Acts 11:1-18
Now the apostles and the believers who were in Judea heard
that the Gentiles had also accepted the word of God. 2So when Peter
went up to Jerusalem, the circumcised believers criticized him, 3saying,
“Why did you go to uncircumcised men and eat with them?” 4Then Peter
began to explain it to them, step by step, saying, 5“I was in the
city of Joppa praying, and in a trance I saw a vision.
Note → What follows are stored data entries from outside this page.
(* Let $A$ be an integral domain and $E$ an $A$-module such that $aE=a^2E$ for each $a\in A$. Then: (1) if $E$ is torsion-free, then $E$ is divisible; (2) if $A$ is local and $E$ is finitely generated, then $E$ is semisimple; (3) if $A$ is an Archimedean valuation domain, then $E$ is an extension of a divisible module by a semisimple module (i.e. $E$ has a divisible submodule $D$ with $E/D$ semisimple).
   Context: $E$ is divisible if $sE=E$ for every non-zero $s\in A$. A valuation domain is Archimedean if its maximal ideal is its only non-zero prime ideal. *)

theory Defs
  imports Complex_Main
begin

definition is_ideal :: "'a::comm_ring_1 set \<Rightarrow> bool" where
  "is_ideal I \<longleftrightarrow> 0 \<in> I \<and> (\<forall>x\<in>I. \<forall>y\<in>I. x + y \<in> I) \<and> (\<forall>a. \<forall>x\<in>I. a * x \<in> I)"

definition prime_ideal :: "'a::comm_ring_1 set \<Rightarrow> bool" where
  "prime_ideal P \<longleftrightarrow> is_ideal P \<and> 1 \<notin> P \<and> (\<forall>a b. a * b \<in> P \<longrightarrow> a \<in> P \<or> b \<in> P)"

definition maximal_ideal :: "'a::comm_ring_1 set \<Rightarrow> bool" where
  "maximal_ideal M \<longleftrightarrow> is_ideal M \<and> 1 \<notin> M \<and>
     (\<forall>J. is_ideal J \<and> M \<subseteq> J \<longrightarrow> J = M \<or> J = UNIV)"

definition local_ring :: "'a::comm_ring_1 itself \<Rightarrow> bool" where
  "local_ring _ \<longleftrightarrow> (\<exists>!M::'a set. maximal_ideal M)"

definition valuation_domain :: "'a::idom itself \<Rightarrow> bool" where
  "valuation_domain _ \<longleftrightarrow> (\<forall>a b::'a. a dvd b \<or> b dvd a)"
lemma Gamma_mult_RL_right_by_parts:
  fixes f f' :: "real \<Rightarrow> real"
  assumes uq: "u \<le> q" and \<theta>: "\<theta> > 0"
    and der: "\<And>s. s \<in> {u..q} \<Longrightarrow> (f has_real_derivative f' s) (at s)"
    and int: "f' absolutely_integrable_on {u..q}"
  shows "Gamma (\<theta> + 1) * RL_right \<theta> f u q
    = (q - u) powr \<theta> * f u + integral {u..q} (\<lambda>s. (q - s) powr \<theta> * f' s)"
proof -
  have "RL_right \<theta> f u q = RL_left \<theta> (\<lambda>s. f (- s)) (- q) (- u)"
    using Henstock_Kurzweil_Integration.integral_reflect_real[of q u "\<lambda>s. (q - s) powr (\<theta> - 1) * f s"]
    by (simp add: RL_left_def RL_right_def add.commute)
  moreover have "integral {- q..- u} (\<lambda>s. (s - - q) powr \<theta> * - f' (- s))
      = - integral {u..q} (\<lambda>s. (q - s) powr \<theta> * f' s)"
    using Henstock_Kurzweil_Integration.integral_reflect_real[of q u "\<lambda>s. (q - s) powr \<theta> * f' s"]
    by (simp add: add.commute)
  moreover have "Gamma (\<theta> + 1) * RL_left \<theta> (\<lambda>s. f (- s)) (- q) (- u)
      = (- u - - q) powr \<theta> * f (- (- u)) - integral {- q..- u} (\<lambda>s. (s - - q) powr \<theta> * - f' (- s))"
  proof (rule Gamma_mult_RL_left_by_parts[where f'="\<lambda>s. - f' (- s)"])
    fix s assume "s \<in> {- q..- u}"
    with der[of "- s"] show "((\<lambda>s. f (- s)) has_real_derivative - f' (- s)) (at s)"
      by (simp add: DERIV_mirror)
  qed (use uq \<theta> int set_integrable_mult_right[of "- 1" lebesgue "{- q..- u}" "\<lambda>s. f' (- s)"] in auto)
  ultimately show ?thesis
    by simp
qed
There was something like
a large sheet coming down from heaven, being lowered by its four corners; and
it came close to me. 6As I looked at it closely I saw four-footed
animals, beasts of prey, reptiles, and birds of the air. 7I also
heard a voice saying to me, ‘Get up, Peter; kill and eat.’ 8But I
replied, ‘By no means, Lord; for nothing profane or unclean has ever entered my
mouth.’ 9But a second time the voice answered from heaven, ‘What God
has made clean, you must not call profane.’ 10This happened three
times; then everything was pulled up again to heaven. 11At that very
moment three men, sent to me from Caesarea, arrived at the house where we were.
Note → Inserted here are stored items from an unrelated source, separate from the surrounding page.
theorem theorem3p5:
  fixes n k :: nat and \<alpha> :: real and H :: "complex mat"
  assumes "n \<ge> 1" and "k \<ge> 1"
    and "0 \<le> \<alpha>" and "\<alpha> < pi / 2"
    and "H \<in> carrier_mat (n * k) (n * k)"
    and "numerical_range H \<subseteq> sector \<alpha>"
  shows "cmod (det (partial_trace1 n k H) / of_nat (n ^ k)) ^ n
           \<ge> (cos \<alpha>) ^ (n * k) * cmod (det H)"
proof -
  note n = assms(1) and \<alpha> = assms(3,4) and H = assms(5)
  let ?R = "herm_part H" and ?P = "partial_trace1 n k H"
  have sec: "\<And>v. v \<in> carrier_vec (n * k) \<Longrightarrow> v \<noteq> 0\<^sub>v (n * k) \<Longrightarrow> qform H v \<in> sector \<alpha>"
    using qform_in_sector[OF H assms(6)] by blast
  have R: "?R \<in> carrier_mat (n * k) (n * k)" and pd: "pos_def (n * k) ?R"
    using H pos_def_herm_part_sector[OF H sec] by simp_all
  have tr: "partial_trace1 n k ?R = herm_part ?P"
    by (rule partial_trace1_herm_part[OF H])
  have "0 < cos \<alpha>" using \<alpha> by (intro cos_gt_zero_pi) auto
  then have "cos \<alpha> ^ (n * k) * cmod (det H) \<le> Re (det ?R)"
    using norm_det_le_sector[OF H \<alpha> sec] by (simp add: field_simps)
  also have "\<dots> \<le> (Re (det (herm_part ?P)) / real n ^ k) ^ n"
    using det_le_partial_trace1_power[OF n R pd] unfolding tr .
  also have "\<dots> \<le> (cmod (det ?P) / real n ^ k) ^ n"
  proof -
    have pdP: "pos_def k (herm_part ?P)"
      using pos_def_partial_trace1[OF n R pd] unfolding tr .
    then have "0 < Re (det (herm_part ?P))"
      using pos_def_det[OF herm_part_carrier[OF partial_trace1_carrier]] by (simp add: complex_pos_iff)
    then show ?thesis
      using Re_det_herm_part_le[OF partial_trace1_carrier pdP]
      by (intro power_mono divide_right_mono) auto
  qed
  also have "\<dots> = cmod (det ?P / of_nat (n ^ k)) ^ n"
    by (simp add: norm_divide norm_power)
  finally show ?thesis .
qed

end
lemma stu_bruhat_lt_iff_inversion:
  assumes u: "u \<in> Sn n" and jk: "1 \<le> j" "j < k" "k \<le> n"
  shows "bruhat_lt n (stu j k u) u \<longleftrightarrow> (j, k) \<in> inv_set n u"
proof
  assume lt: "bruhat_lt n (stu j k u) u"
  define u' where "u' = stu j k u"
  have u': "u' \<in> Sn n" using stu_in_Sn[OF u] jk by (auto simp: u'_def)
  have inv_u': "inv u' = inv u \<circ> transpose j k" using inv_stu[OF u] by (simp add: u'_def)
  have "inv u j \<noteq> inv u k" using jk(2) Sn_inverses(1)[OF u] by (metis less_irrefl)
  moreover have "\<not> inv u j < inv u k"
  proof
    assume "inv u j < inv u k"
    then have "inv u' k < inv u' j" by (simp add: inv_u')
    moreover have "stu j k u' = u" by (simp add: u'_def)
    ultimately have "bcount u (inv u j) k + 1 = bcount u' (inv u j) k"
      using bcount_stu_inversion[OF u' jk, of "inv u j" k] \<open>inv u j < inv u k\<close> jk(2)
      by (simp add: inv_u')
    moreover have "inv u j \<in> {1..n}" using Sn_image[OF u] jk by auto
    then have "bcount u' (inv u j) k \<le> bcount u (inv u j) k"
      using lt jk by (auto simp: bruhat_lt_def bruhat_le_def u'_def)
    ultimately show False by simp
  qed
  ultimately show "(j, k) \<in> inv_set n u" using jk by (auto simp: inv_set_iff)
next
  assume "(j, k) \<in> inv_set n u"
  then have inv: "inv u k < inv u j" by (simp add: inv_set_iff)
  have "bcount (stu j k u) i m \<le> bcount u i m" for i m
    using bcount_stu_inversion[OF u jk inv, of i m] by linarith
  moreover have "stu j k u (inv u k) \<noteq> u (inv u k)"
    using u jk by (simp add: stu_def transpose_def)
  ultimately show "bruhat_lt n (stu j k u) u"
    using u stu_in_Sn[OF u] jk by (auto simp: bruhat_lt_def bruhat_le_def)
qed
12The Spirit told me to go with them and not to make a distinction
between them and us. These six brothers also accompanied me, and we entered the
man’s house. 13He told us how he had seen the angel standing in his
house and saying, ‘Send to Joppa and bring Simon, who is called Peter; 14he
will give you a message by which you and your entire household will be saved.’ 15And
as I began to speak, the Holy Spirit fell upon them just as it had upon us at
the beginning. 16And I remembered the word of the Lord, how he had
said, ‘John baptized with water, but you will be baptized with the Holy
Spirit.’ 17If then God gave them the same gift that he gave us when
we believed in the Lord Jesus Christ, who was I that I could hinder God?” 18When
they heard this, they were silenced. And they praised God, saying, “Then God
has given even to the Gentiles the repentance that leads to life.”
I grew up near Pittsburgh, but not in Pittsburgh. So when we moved here, I was quite
surprised to discover the natives’ distaste for ever, ever, ever crossing a
river. And since we have not one
but three rivers to deal with in da burg, this stubborn reluctance creates an atmosphere
of not very well hidden parochialism that is evident on an almost daily
basis. I don’t know if people are
afraid that they’ll never find their way back home from yonder shore, or
whether they’re simply afraid of falling into the Monongahela.
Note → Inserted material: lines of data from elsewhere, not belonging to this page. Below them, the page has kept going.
definition omega_term :: "complex \<Rightarrow> complex \<Rightarrow> nat \<Rightarrow> complex" where
  "omega_term z q n = z ^ n * q ^ (2 * n\<^sup>2 + 2 * n) /
       (qpoch q (q\<^sup>2) (n + 1) * qpoch (z * q) (q\<^sup>2) (n + 1))"

definition omega :: "complex \<Rightarrow> complex \<Rightarrow> complex" where
  "omega z q = (\<Sum>n. omega_term z q n)"

end

theory Submission
  imports Defs "HOL-Analysis.Infinite_Products"
begin

text \<open>Write \<open>\<omega>(z)\<close> for \<open>\<omega>(z;q)\<close>. The \<open>n\<close>-th summand of \<open>\<omega>(z) (1 - z q) - q \<omega>(z q\<^sup>2)\<close> is
  \<open>C\<^sub>n - C\<^sub>n\<^sub>+\<^sub>1\<close> with \<open>C\<^sub>n = z\<^sup>n q\<^bsup>2n\<^sup>2+2n\<^esup> / ((q;q\<^sup>2)\<^sub>n (z q\<^sup>3;q\<^sup>2)\<^sub>n)\<close>, so the series telescopes
  to \<open>C\<^sub>0 = 1\<close> and \<open>\<omega>(z) (1 - z q) = 1 + q \<omega>(z q\<^sup>2)\<close>. Iterating this \<open>N\<close> times writes \<open>\<omega>(z)\<close>
  as the \<open>N\<close>-th partial sum of \<open>\<Sum> q\<^sup>n / (z q;q\<^sup>2)\<^sub>n\<^sub>+\<^sub>1\<close> plus the remainder
  \<open>q\<^sup>N \<omega>(z q\<^bsup>2N\<^esup>) / (z q;q\<^sup>2)\<^sub>N\<close>. For \<open>|z| \<le> (1 - |q|)/2\<close> every denominator
  \<open>(z q\<^bsup>2N+1\<^esup>;q\<^sup>2)\<^sub>n\<close> has modulus at least \<open>1/2\<close>, so the values of \<open>\<omega>\<close> in the remainder are
  bounded by one summable majorant and the remainder tends to \<open>0\<close>.\<close>

lemma norm_prod_one_minus_ge:
  fixes c :: "'a \<Rightarrow> 'b::real_normed_field"
  assumes "\<And>k. k \<in> A \<Longrightarrow> norm (c k) \<le> 1"
  shows "(\<Prod>k\<in>A. 1 - norm (c k)) \<le> norm (\<Prod>k\<in>A. 1 - c k)"
proof -
  have "1 - norm (c k) \<le> norm (1 - c k)" for k
    using norm_triangle_ineq2[of 1 "c k"] by simp
  then have "(\<Prod>k\<in>A. 1 - norm (c k)) \<le> (\<Prod>k\<in>A. norm (1 - c k))"
    using assms by (intro prod_mono) auto
  then show ?thesis
    by (simp add: prod_norm)
qed

lemma norm_prod_one_minus_ge_one_minus_sum:
  fixes c :: "'a \<Rightarrow> 'b::real_normed_field"
  assumes "\<And>k. k \<in> A \<Longrightarrow> norm (c k) \<le> 1"
  shows "1 - (\<Sum>k\<in>A. norm (c k)) \<le> norm (\<Prod>k\<in>A. 1 - c k)"
  using Weierstrass_prod_ineq[of A "\<lambda>k. norm (c k)"] norm_prod_one_minus_ge[of A c] assms
  by fastforce

lemma qpoch_0 [simp]: "qpoch a b 0 = 1"
  by (simp add: qpoch_def)

lemma qpoch_Suc: "qpoch a b (Suc n) = qpoch a b n * (1 - a * b ^ n)"
  by (simp add: qpoch_def)

lemma qpoch_Suc_shift: "qpoch a b (Suc n) = (1 - a) * qpoch (a * b) b n"
  unfolding qpoch_def prod.lessThan_Suc_shift by (simp add: mult.assoc)
(* Let $H$ be a subgroup of a finite group $G$, let $\theta$ be a representation of $G$ and $\chi$ a representation of $H$. Let $\mathrm{Irr}(G\mid\chi)$ denote the set of irreducible representations $\rho$ of $G$ with $\langle\mathrm{Res}^G_H\rho,\chi\rangle\neq0$. Suppose every irreducible $\rho$ with $\langle\rho,\theta\rangle\neq0$ lies in $\mathrm{Irr}(G\mid\chi)$. Then there exists $\rho\in\mathrm{Irr}(G\mid\chi)$ with $\langle\rho,\theta\rangle\geq\dim(\theta)/\dim(\mathrm{Ind}_H^G\chi)$. *)

theory Defs
  imports "HOL-Algebra.Coset" "Jordan_Normal_Form.Matrix"
begin

definition is_rep :: "('a,'b) monoid_scheme \<Rightarrow> nat \<Rightarrow> ('a \<Rightarrow> complex mat) \<Rightarrow> bool" where
  "is_rep G n \<rho> \<longleftrightarrow>
     (\<forall>g\<in>carrier G. \<rho> g \<in> carrier_mat n n) \<and>
     \<rho> \<one>\<^bsub>G\<^esub> = 1\<^sub>m n \<and>
     (\<forall>g\<in>carrier G. \<forall>h\<in>carrier G. \<rho> (g \<otimes>\<^bsub>G\<^esub> h) = \<rho> g * \<rho> h)"

definition invariant_subspace :: "('a,'b) monoid_scheme \<Rightarrow> nat \<Rightarrow> ('a \<Rightarrow> complex mat) \<Rightarrow> complex vec set \<Rightarrow> bool" where
  "invariant_subspace G n \<rho> W \<longleftrightarrow>
     W \<subseteq> carrier_vec n \<and> 0\<^sub>v n \<in> W \<and>
     (\<forall>v\<in>W. \<forall>w\<in>W. v + w \<in> W) \<and>
     (\<forall>c. \<forall>v\<in>W. c \<cdot>\<^sub>v v \<in> W) \<and>
     (\<forall>g\<in>carrier G. \<forall>v\<in>W. \<rho> g *\<^sub>v v \<in> W)"

definition is_irrep :: "('a,'b) monoid_scheme \<Rightarrow> nat \<Rightarrow> ('a \<Rightarrow> complex mat) \<Rightarrow> bool" where
  "is_irrep G n \<rho> \<longleftrightarrow> is_rep G n \<rho> \<and> n > 0 \<and>
     (\<forall>W. invariant_subspace G n \<rho> W \<longrightarrow> W = {0\<^sub>v n} \<or> W = carrier_vec n)"

definition mat_trace :: "complex mat \<Rightarrow> complex" where
  "mat_trace A = (\<Sum>i<dim_row A. A $$ (i, i))"

definition rep_inner :: "('a,'b) monoid_scheme \<Rightarrow> ('a \<Rightarrow> complex mat) \<Rightarrow> ('a \<Rightarrow> complex mat) \<Rightarrow> complex" where
  "rep_inner G \<rho> \<theta> =
     (\<Sum>g\<in>carrier G. mat_trace (\<rho> g) * cnj (mat_trace (\<theta> g))) / of_nat (card (carrier G))"

definition coset_reps :: "('a,'b) monoid_scheme \<Rightarrow> 'a set \<Rightarrow> 'a list" where
  "coset_reps G H = (SOME rs. distinct rs \<and> set rs \<subseteq> carrier G \<and>
      (\<forall>x\<in>carrier G. \<exists>!i. i < length rs \<and> x \<in> (rs ! i) <#\<^bsub>G\<^esub> H))"

text \<open>Induced representation Ind_H^G chi, chi of dimension d, realised as block matrices
  indexed by (coset representative, basis vector of chi).\<close>
definition ind_rep :: "('a,'b) monoid_scheme \<Rightarrow> 'a set \<Rightarrow> nat \<Rightarrow> ('a \<Rightarrow> complex mat) \<Rightarrow> 'a \<Rightarrow> complex mat" where
  "ind_rep G H d \<chi> g =
     (let rs = coset_reps G H; m = length rs in
      mat (m * d) (m * d) (\<lambda>(i, j).
        let x = inv\<^bsub>G\<^esub> (rs ! (i div d)) \<otimes>\<^bsub>G\<^esub> g \<otimes>\<^bsub>G\<^esub> (rs ! (j div d)) in
        if x \<in> H then \<chi> x $$ (i mod d, j mod d) else 0))"

end

(*
  Decompose the regular representation R of G into irreducibles psi_1, ..., psi_s (with
  repetitions).  The character of R is |G| at the identity and 0 elsewhere, so
  <R, theta> = dim theta = n and <Res_H R, chi> = |G| d / |H| <= [G:H] d = dim Ind_H^G chi.
  Both inner products split as sums over i of the natural numbers a_i = <psi_i, theta> and
  t_i = <Res_H psi_i, chi>, and by hypothesis a_i <> 0 forces t_i >= 1.  Choosing i with
  t_i <> 0 and a_i maximal gives n = sum a_i <= a_i * sum t_i <= a_i * dim Ind_H^G chi.
  Integrality of the inner products comes from complete reducibility (averaging a
  projection over G) and the orthogonality of irreducible characters (Schur's lemma).
*)
theory Submission
  imports Defs "Jordan_Normal_Form.Spectral_Radius"
begin

lemma sum_list_in_Nats: "(\<And>x. x \<in> set xs \<Longrightarrow> f x \<in> \<nat>) \<Longrightarrow> (\<Sum>x\<leftarrow>xs. f x) \<in> \<nat>"
  by (induction xs) auto

lemma sum_list_le_max_mult_sum_list:
  fixes a t :: "'x \<Rightarrow> nat"
  assumes supp: "\<And>x. x \<in> set xs \<Longrightarrow> a x \<noteq> 0 \<Longrightarrow> t x \<noteq> 0" and t: "(\<Sum>x\<leftarrow>xs. t x) \<noteq> 0"
  shows "\<exists>y\<in>set xs. t y \<noteq> 0 \<and> (\<Sum>x\<leftarrow>xs. a x) \<le> a y * (\<Sum>x\<leftarrow>xs. t x)"
proof -
  define S where "S = {x \<in> set xs. t x \<noteq> 0}"
  have "S \<noteq> {}" using t unfolding S_def by (induction xs) auto
  then obtain y where y: "y \<in> S" "a y = Max (a ` S)"
    using Max_in[of "a ` S"] unfolding S_def by fastforce
  have "a x \<le> a y * t x" if "x \<in> set xs" for x
  proof (cases "t x = 0")
    case False
    then have "a x \<le> a y" using y that Max_ge[of "a ` S" "a x"] unfolding S_def by auto
    then show ?thesis using False by (simp add: le_trans)
  next
    case True
    then show ?thesis using supp[OF that] by (cases "a x = 0") auto
  qed
  then have "(\<Sum>x\<leftarrow>xs. a x) \<le> (\<Sum>x\<leftarrow>xs. a y * t x)" by (rule sum_list_mono)
  then show ?thesis using y unfolding S_def by (auto simp: sum_list_const_mult)
qed

lemma mat_trace_mult_comm:
  fixes A B :: "complex mat"
  assumes A: "A \<in> carrier_mat n m" and B: "B \<in> carrier_mat m n"
  shows "mat_trace (A * B) = mat_trace (B * A)"
proof -
  have "mat_trace (A * B) = (\<Sum>i<n. \<Sum>l<m. A $$ (i,l) * B $$ (l,i))"
    using A B by (auto simp: mat_trace_def scalar_prod_def lessThan_atLeast0 intro!: sum.cong)
  also have "\<dots> = (\<Sum>l<m. \<Sum>i<n. B $$ (l,i) * A $$ (i,l))"
    by (subst sum.swap) (simp add: mult.commute)
  also have "\<dots> = mat_trace (B * A)"
    using A B by (auto simp: mat_trace_def scalar_prod_def lessThan_atLeast0 intro!: sum.cong)
  finally show ?thesis .
qed

lemma mat_trace_one [simp]: "mat_trace (1\<^sub>m k) = of_nat k"
  by (simp add: mat_trace_def)

lemma mat_trace_minus:
  "A \<in> carrier_mat n n \<Longrightarrow> B \<in> carrier_mat n n \<Longrightarrow> mat_trace (A - B) = mat_trace A - mat_trace B"
  by (simp add: mat_trace_def sum_subtractf)

lemma mult_mat_vec_zero: "A \<in> carrier_mat m k \<Longrightarrow> A *\<^sub>v 0\<^sub>v k = (0\<^sub>v m :: 'a :: semiring_0 vec)"
  by (auto simp: scalar_prod_def)

lemma zero_mult_mat_vec [simp]: "v \<in> carrier_vec k \<Longrightarrow> 0\<^sub>m m k *\<^sub>v v = (0\<^sub>v m :: 'a :: semiring_0 vec)"
  by (auto simp: scalar_prod_def)

lemma mult_mat_vec_index:
  "A \<in> carrier_mat n k \<Longrightarrow> v \<in> carrier_vec k \<Longrightarrow> i < n \<Longrightarrow> (A *\<^sub>v v) $ i = (\<Sum>j<k. A $$ (i,j) * v $ j)"
  by (auto simp: scalar_prod_def lessThan_atLeast0 intro!: sum.cong)

lemma mat_eq_if_mult_vec_eq:
  fixes A B :: "'a :: semiring_1 mat"
  assumes A: "A \<in> carrier_mat n k" and B: "B \<in> carrier_mat n k"
    and eq: "\<And>v. v \<in> carrier_vec k \<Longrightarrow> A *\<^sub>v v = B *\<^sub>v v"
  shows "A = B"
proof (rule eq_matI)
  fix i j assume "i < dim_row B" and "j < dim_col B"
  moreover have "(A *\<^sub>v unit_vec k j) $ i = (B *\<^sub>v unit_vec k j) $ i" using eq[of "unit_vec k j"] by simp
  ultimately show "A $$ (i, j) = B $$ (i, j)" using A B by simp
qed (use A B in auto)

definition matrix_unit :: "nat \<Rightarrow> nat \<Rightarrow> nat \<Rightarrow> nat \<Rightarrow> 'a :: semiring_1 mat" where
  "matrix_unit m k a b = mat m k (\<lambda>(i,j). if i = a \<and> j = b then 1 else 0)"

lemma matrix_unit_carrier [simp]: "matrix_unit m k a b \<in> carrier_mat m k"
  and matrix_unit_dims [simp]: "dim_row (matrix_unit m k a b) = m" "dim_col (matrix_unit m k a b) = k"
  by (simp_all add: matrix_unit_def)

lemma mat_trace_matrix_unit: "a < m \<Longrightarrow> b < m \<Longrightarrow> mat_trace (matrix_unit m m a b) = (if a = b then 1 else 0)"
  by (simp add: mat_trace_def matrix_unit_def)

lemma mult_matrix_unit_mult_index:
  fixes A B :: "'a :: comm_semiring_1 mat"
  assumes A: "A \<in> carrier_mat m m" and B: "B \<in> carrier_mat k k"
    and a: "a < m" and b: "b < k" and i: "i < m" and j: "j < k"
  shows "(A * matrix_unit m k a b * B) $$ (i,j) = A $$ (i,a) * B $$ (b,j)"
proof -
  have AE: "(A * matrix_unit m k a b) $$ (i,l) = (if l = b then A $$ (i,a) else 0)" if l: "l < k" for l
  proof -
    have "(A * matrix_unit m k a b) $$ (i,l) = (\<Sum>x<m. A $$ (i,x) * (if x = a \<and> l = b then 1 else 0))"
      using A i l by (auto simp: matrix_unit_def scalar_prod_def lessThan_atLeast0 intro!: sum.cong)
    also have "\<dots> = (\<Sum>x<m. if x = a then (if l = b then A $$ (i,x) else 0) else 0)"
      by (rule sum.cong) auto
    finally show ?thesis using a by simp
  qed
  have "(A * matrix_unit m k a b * B) $$ (i,j) = (\<Sum>l<k. (A * matrix_unit m k a b) $$ (i,l) * B $$ (l,j))"
    using A B i j by (auto simp: scalar_prod_def lessThan_atLeast0 intro!: sum.cong)
  also have "\<dots> = (\<Sum>l<k. if l = b then A $$ (i,a) * B $$ (l,j) else 0)"
    by (rule sum.cong) (auto simp: AE)
  finally show ?thesis using b by simp
qed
It didn’t take long for us to realize that there are seemingly
impenetrable boundaries pretty much everywhere you turn here. Many of these barriers are, indeed,
created by Pittsburgh’s charming, yet challenging topography of hills, rivers, and
bridges. Worst of all, perhaps, is
the seasonal annoyance of road construction and those charming little orange
traffic cones that pop up as insistently as dandelions every spring.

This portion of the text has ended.